Across the listing below, count the lines containing "bullet". Give nothing but the number.

————————

lemma blk_start_Suc_ge: "l - 1 \<le> blk_start (Suc l)"
proof -
  have "of_nat (card {2..<Suc l}) * 1 \<le> blk_start (Suc l)"
    unfolding blk_start_def by (rule sum_bounded_below) (use two_le_blk_n in fastforce)
  then show ?thesis
    by simp
qed

lemma Xseq_blk_start_add:
  assumes l: "2 \<le> l" and j: "j < blk_n l"
  shows "Xseq (Suc (blk_start l + j)) = blk_point l j"
proof -
  have "(LEAST l'. 2 \<le> l' \<and> blk_start l + j < blk_start (Suc l')) = l"
  proof (rule Least_equality)
    show "2 \<le> l \<and> blk_start l + j < blk_start (Suc l)"
      using l j by (simp add: blk_start_Suc)
    show "l \<le> l'" if "2 \<le> l' \<and> blk_start l + j < blk_start (Suc l')" for l'
      using that blk_start_mono[of "Suc l'" l] by linarith
  qed
  then show ?thesis
    by (simp add: Xseq_def Let_def)
qed

lemma ex_blk_start_add: "\<exists>l j. 2 \<le> l \<and> j < blk_n l \<and> k = blk_start l + j"
proof -
  define P where "P l \<longleftrightarrow> 2 \<le> l \<and> k < blk_start (Suc l)" for l
  define l where "l = (LEAST l. P l)"
  have "P (k + 2)"
    using blk_start_Suc_ge[of "k + 2"] by (simp add: P_def)
  then have Pl: "P l"
    unfolding l_def by (rule LeastI)
  have "blk_start l \<le> k"
  proof (cases "l = 2")
    case False
    with Pl have "l - 1 < l"
      by (simp add: P_def)
    then have "\<not> P (l - 1)"
      unfolding l_def by (rule not_less_Least)
    with Pl False show ?thesis
      by (auto simp: P_def not_less)
  qed (simp add: blk_start_def)
  with Pl show ?thesis
    by (intro exI[of _ l] exI[of _ "k - blk_start l"]) (auto simp: P_def blk_start_Suc)
qed

lemma blk_point_inner: "blk_point l i \<bullet> blk_point l j = cos ((real j - real i) * blk_theta l)"
  by (simp add: blk_point_def cos_diff left_diff_distrib algebra_simps)

text \<open>Block \<open>l\<close> ends at angle \<open>\<pi>/2\<close>; the reflection \<open>(x, y) \<mapsto> (y, x)\<close> alternating with the
  parity of \<open>l\<close> makes this the starting point of block \<open>l + 1\<close>.\<close>
lemma blk_point_last:
  assumes "2 \<le> l"
  shows "blk_point l (blk_n l - 1) = blk_point (Suc l) 0"
proof -
  have last_angle: "real (blk_n l - 1) * blk_theta l = pi / 2"
    using blk_n_minus_one_mult_blk_theta[OF assms] two_le_blk_n[OF assms] by (simp add: of_nat_diff)
  show ?thesis
    unfolding blk_point_def last_angle by simp
qed

lemma Xseq_inner_self: "Xseq (Suc k) \<bullet> Xseq (Suc k) = 1"
  using ex_blk_start_add[of k] Xseq_blk_start_add blk_point_inner by force

definition Xgap :: "nat \<Rightarrow> real" where
  "Xgap k = 1 - Xseq (Suc k) \<bullet> Xseq (Suc (Suc k))"

lemma Xgap_blk_start_add:
  assumes l: "2 \<le> l" and j: "j < blk_n l"
  shows "Xgap (blk_start l + j) = (if j + 1 < blk_n l then 1 - cos (blk_theta l) else 0)"
proof (cases "j + 1 < blk_n l")
  case True
  then show ?thesis
    using Xseq_blk_start_add[OF l j] Xseq_blk_start_add[OF l True]
    by (simp add: Xgap_def blk_point_inner)
next
  case False
  then have "j = blk_n l - 1"
    using j by simp
  moreover have "Suc (Suc (blk_start l + j)) = Suc (blk_start (Suc l) + 0)"
    using False j l by (simp add: blk_start_Suc)
  then have "Xseq (Suc (Suc (blk_start l + j))) = blk_point (Suc l) 0"
    using Xseq_blk_start_add[of "Suc l" 0] l two_le_blk_n[of "Suc l"] by simp
  ultimately show ?thesis
    using Xseq_blk_start_add[OF l j] blk_point_last[OF l] blk_point_inner[of "Suc l" 0 0]
    by (simp add: Xgap_def)
qed

lemma Xgap_nonneg: "0 \<le> Xgap k"
  using ex_blk_start_add[of k] Xgap_blk_start_add by force

definition blk_cost :: "nat \<Rightarrow> real" where
  "blk_cost l = (real (blk_n l) - 1) * (1 - cos (blk_theta l))"

lemma sum_Xgap_blk: "2 \<le> l \<Longrightarrow> (\<Sum>j<blk_n l. Xgap (blk_start l + j)) = blk_cost l"
proof -
  assume l: "2 \<le> l"
  then obtain m where m: "blk_n l = Suc m"
    using two_le_blk_n[OF l] by (cases "blk_n l") auto
  have "(\<Sum>j<blk_n l. Xgap (blk_start l + j)) = (\<Sum>j<Suc m. if j < m then 1 - cos (blk_theta l) else 0)"
    using Xgap_blk_start_add[OF l] m by (intro sum.cong) auto
  then show ?thesis
    by (simp add: blk_cost_def m)
qed

lemma sum_Xgap_blk_start: "2 \<le> L \<Longrightarrow> (\<Sum>k<blk_start L. Xgap k) = (\<Sum>l\<in>{2..<L}. blk_cost l)"
proof (induction L rule: dec_induct)
  case base
  then show ?case by (simp add: blk_start_def)
next
  case (step L)
  then show ?case
    by (simp add: blk_start_Suc sum_lessThan_add sum_Xgap_blk sum.atLeastLessThan_Suc)
qed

————————

## Solution for this exercise
3